(Data section begins)

(* Let $L$ be a finite-dimensional semisimple Leibniz algebra over $\mathbb{C}$ with a decomposition $L=(\oplus_{i=1}^m\mathfrak{g}_i)\ltimes(\oplus_{k=1}^n I_k)$, where $\mathfrak{g}_1,\dots,\mathfrak{g}_m$ are simple Lie subalgebras whose direct sum is a subalgebra complementary to $I$, and $I=\oplus_{k=1}^n I_k$ is a decomposition into simple $(\oplus_{i=1}^m\mathfrak{g}_i)$-submodules. Let $\mathrm{B}\Gamma$ be the bipartite graph with vertex classes $\{I_1,\dots,I_n\}$ and $\{\mathfrak{g}_1,\dots,\mathfrak{g}_m\}$, where $I_k$ and $\mathfrak{g}_i$ are joined by an edge if and only if $[I_k,\mathfrak{g}_i]=I_k$. Then $L$ is indecomposable if and only if $\mathrm{B}\Gamma$ is connected.
   Context: A Leibniz algebra is a vector space $L$ with a bilinear bracket satisfying $[[x,y],z]=[[x,z],y]+[x,[y,z]]$. The subspace $I=\mathrm{Span}\langle [x,x]\mid x\in L\rangle$ is an ideal with $[L,I]=0$, $\mathfrak{g}_L=L/I$ is a Lie algebra, and $L$ is semisimple if $\mathfrak{g}_L$ is semisimple; then $L$ has a subalgebra isomorphic to $\mathfrak{g}_L$ complementary to $I$, and $I$ is a module over it via the right bracket $i.g=[i,g]$. For each $k,i$ one has $[I_k,\mathfrak{g}_i]\in\{I_k,\{0\}\}$. An algebra is indecomposable if it is not a direct sum $A_1\oplus A_2$ of two proper (nonzero) ideals. *)

theory Defs
  imports Complex_Main
begin

text \<open>A Leibniz algebra over the complex numbers is modelled on a type 'v carrying an
  abelian group structure, a scalar multiplication sc (a complex vector space structure)
  and a bracket br.\<close>

definition bilinear_bracket :: "(complex \<Rightarrow> 'v::ab_group_add \<Rightarrow> 'v) \<Rightarrow> ('v \<Rightarrow> 'v \<Rightarrow> 'v) \<Rightarrow> bool" where
  "bilinear_bracket sc br \<longleftrightarrow>
     (\<forall>x y z. br (x + y) z = br x z + br y z) \<and>
     (\<forall>x y z. br x (y + z) = br x y + br x z) \<and>
     (\<forall>a x y. br (sc a x) y = sc a (br x y)) \<and>
     (\<forall>a x y. br x (sc a y) = sc a (br x y))"

definition leibniz_algebra :: "(complex \<Rightarrow> 'v::ab_group_add \<Rightarrow> 'v) \<Rightarrow> ('v \<Rightarrow> 'v \<Rightarrow> 'v) \<Rightarrow> bool" where
  "leibniz_algebra sc br \<longleftrightarrow> vector_space sc \<and> bilinear_bracket sc br \<and>
     (\<forall>x y z. br (br x y) z = br (br x z) y + br x (br y z))"

definition finite_dim :: "(complex \<Rightarrow> 'v::ab_group_add \<Rightarrow> 'v) \<Rightarrow> bool" where
  "finite_dim sc \<longleftrightarrow> (\<exists>B. finite B \<and> module.span sc B = UNIV)"

definition sq_ideal :: "(complex \<Rightarrow> 'v::ab_group_add \<Rightarrow> 'v) \<Rightarrow> ('v \<Rightarrow> 'v \<Rightarrow> 'v) \<Rightarrow> 'v set" where
  "sq_ideal sc br = module.span sc {br x x | x. True}"

definition brset :: "(complex \<Rightarrow> 'v::ab_group_add \<Rightarrow> 'v) \<Rightarrow> ('v \<Rightarrow> 'v \<Rightarrow> 'v) \<Rightarrow> 'v set \<Rightarrow> 'v set \<Rightarrow> 'v set" where
  "brset sc br A B = module.span sc {br a b | a b. a \<in> A \<and> b \<in> B}"

definition subalg :: "(complex \<Rightarrow> 'v::ab_group_add \<Rightarrow> 'v) \<Rightarrow> ('v \<Rightarrow> 'v \<Rightarrow> 'v) \<Rightarrow> 'v set \<Rightarrow> bool" where
  "subalg sc br A \<longleftrightarrow> module.subspace sc A \<and> (\<forall>a\<in>A. \<forall>b\<in>A. br a b \<in> A)"

definition ideal_in :: "(complex \<Rightarrow> 'v::ab_group_add \<Rightarrow> 'v) \<Rightarrow> ('v \<Rightarrow> 'v \<Rightarrow> 'v) \<Rightarrow> 'v set \<Rightarrow> 'v set \<Rightarrow> bool" where
  "ideal_in sc br J G \<longleftrightarrow> module.subspace sc J \<and> J \<subseteq> G \<and>
     (\<forall>x\<in>J. \<forall>g\<in>G. br x g \<in> J \<and> br g x \<in> J)"

text \<open>Simple Lie subalgebra: a subalgebra on which the bracket is alternating (so it is a
  Lie algebra), which is non-abelian and has no ideals other than 0 and itself.\<close>
definition simple_lie_subalg :: "(complex \<Rightarrow> 'v::ab_group_add \<Rightarrow> 'v) \<Rightarrow> ('v \<Rightarrow> 'v \<Rightarrow> 'v) \<Rightarrow> 'v set \<Rightarrow> bool" where
  "simple_lie_subalg sc br G \<longleftrightarrow> subalg sc br G \<and> (\<forall>x\<in>G. br x x = 0) \<and>
     (\<exists>x\<in>G. \<exists>y\<in>G. br x y \<noteq> 0) \<and>
     (\<forall>J. ideal_in sc br J G \<longrightarrow> J = {0} \<or> J = G)"

primrec derived :: "(complex \<Rightarrow> 'v::ab_group_add \<Rightarrow> 'v) \<Rightarrow> ('v \<Rightarrow> 'v \<Rightarrow> 'v) \<Rightarrow> 'v set \<Rightarrow> nat \<Rightarrow> 'v set" where
  "derived sc br J 0 = J"
| "derived sc br J (Suc k) = brset sc br (derived sc br J k) (derived sc br J k)"

text \<open>L is semisimple iff the Lie algebra L/I is semisimple, i.e. has no nonzero solvable
  ideal.  Unfolded through the quotient: ideals of L/I are J/I for ideals J of L containing I,
  and J/I is solvable iff some derived power of J lies in I.\<close>
definition semisimple_leibniz :: "(complex \<Rightarrow> 'v::ab_group_add \<Rightarrow> 'v) \<Rightarrow> ('v \<Rightarrow> 'v \<Rightarrow> 'v) \<Rightarrow> bool" where
  "semisimple_leibniz sc br \<longleftrightarrow>
     (\<forall>J. ideal_in sc br J UNIV \<and> sq_ideal sc br \<subseteq> J \<and> (\<exists>k. derived sc br J k \<subseteq> sq_ideal sc br)
        \<longrightarrow> J = sq_ideal sc br)"

definition sumset :: "(nat \<Rightarrow> 'v::ab_group_add set) \<Rightarrow> nat \<Rightarrow> 'v set" where
  "sumset A n = {\<Sum>i<n. x i | x. \<forall>i<n. x i \<in> A i}"

definition indep_family :: "(nat \<Rightarrow> 'v::ab_group_add set) \<Rightarrow> nat \<Rightarrow> bool" where
  "indep_family A n \<longleftrightarrow> (\<forall>x. (\<forall>i<n. x i \<in> A i) \<and> (\<Sum>i<n. x i) = 0 \<longrightarrow> (\<forall>i<n. x i = 0))"

definition submod :: "(complex \<Rightarrow> 'v::ab_group_add \<Rightarrow> 'v) \<Rightarrow> ('v \<Rightarrow> 'v \<Rightarrow> 'v) \<Rightarrow> 'v set \<Rightarrow> 'v set \<Rightarrow> bool" where
  "submod sc br S M \<longleftrightarrow> module.subspace sc M \<and> M \<subseteq> sq_ideal sc br \<and> (\<forall>x\<in>M. \<forall>s\<in>S. br x s \<in> M)"

definition simple_submod :: "(complex \<Rightarrow> 'v::ab_group_add \<Rightarrow> 'v) \<Rightarrow> ('v \<Rightarrow> 'v \<Rightarrow> 'v) \<Rightarrow> 'v set \<Rightarrow> 'v set \<Rightarrow> bool" where
  "simple_submod sc br S M \<longleftrightarrow> submod sc br S M \<and> M \<noteq> {0} \<and>
     (\<forall>N. submod sc br S N \<and> N \<subseteq> M \<longrightarrow> N = {0} \<or> N = M)"

definition indecomposable :: "(complex \<Rightarrow> 'v::ab_group_add \<Rightarrow> 'v) \<Rightarrow> ('v \<Rightarrow> 'v \<Rightarrow> 'v) \<Rightarrow> bool" where
  "indecomposable sc br \<longleftrightarrow> \<not> (\<exists>A1 A2. ideal_in sc br A1 UNIV \<and> ideal_in sc br A2 UNIV \<and>
      A1 \<noteq> {0} \<and> A2 \<noteq> {0} \<and> A1 \<inter> A2 = {0} \<and> (\<forall>v. \<exists>a1\<in>A1. \<exists>a2\<in>A2. v = a1 + a2))"

text \<open>Bipartite graph with vertices Inl k (k < n, the I_k) and Inr i (i < m, the g_i);
  E k i says that I_k and g_i are joined.\<close>
definition bip_vertices :: "nat \<Rightarrow> nat \<Rightarrow> (nat + nat) set" where
  "bip_vertices n m = Inl ` {..<n} \<union> Inr ` {..<m}"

(Data section ends)

_To do_
All lines in the records above with "subspace" need to be found and copied.

_Solution for this exercise_
   Context: A Leibniz algebra is a vector space $L$ with a bilinear bracket satisfying $[[x,y],z]=[[x,z],y]+[x,[y,z]]$. The subspace $I=\mathrm{Span}\langle [x,x]\mid x\in L\rangle$ is an ideal with $[L,I]=0$, $\mathfrak{g}_L=L/I$ is a Lie algebra, and $L$ is semisimple if $\mathfrak{g}_L$ is semisimple; then $L$ has a subalgebra isomorphic to $\mathfrak{g}_L$ complementary to $I$, and $I$ is a module over it via the right bracket $i.g=[i,g]$. For each $k,i$ one has $[I_k,\mathfrak{g}_i]\in\{I_k,\{0\}\}$. An algebra is indecomposable if it is not a direct sum $A_1\oplus A_2$ of two proper (nonzero) ideals. *)
  "subalg sc br A \<longleftrightarrow> module.subspace sc A \<and> (\<forall>a\<in>A. \<forall>b\<in>A. br a b \<in> A)"
  "ideal_in sc br J G \<longleftrightarrow> module.subspace sc J \<and> J \<subseteq> G \<and>
  "submod sc br S M \<longleftrightarrow> module.subspace sc M \<and> M \<subseteq> sq_ideal sc br \<and> (\<forall>x\<in>M. \<forall>s\<in>S. br x s \<in> M)"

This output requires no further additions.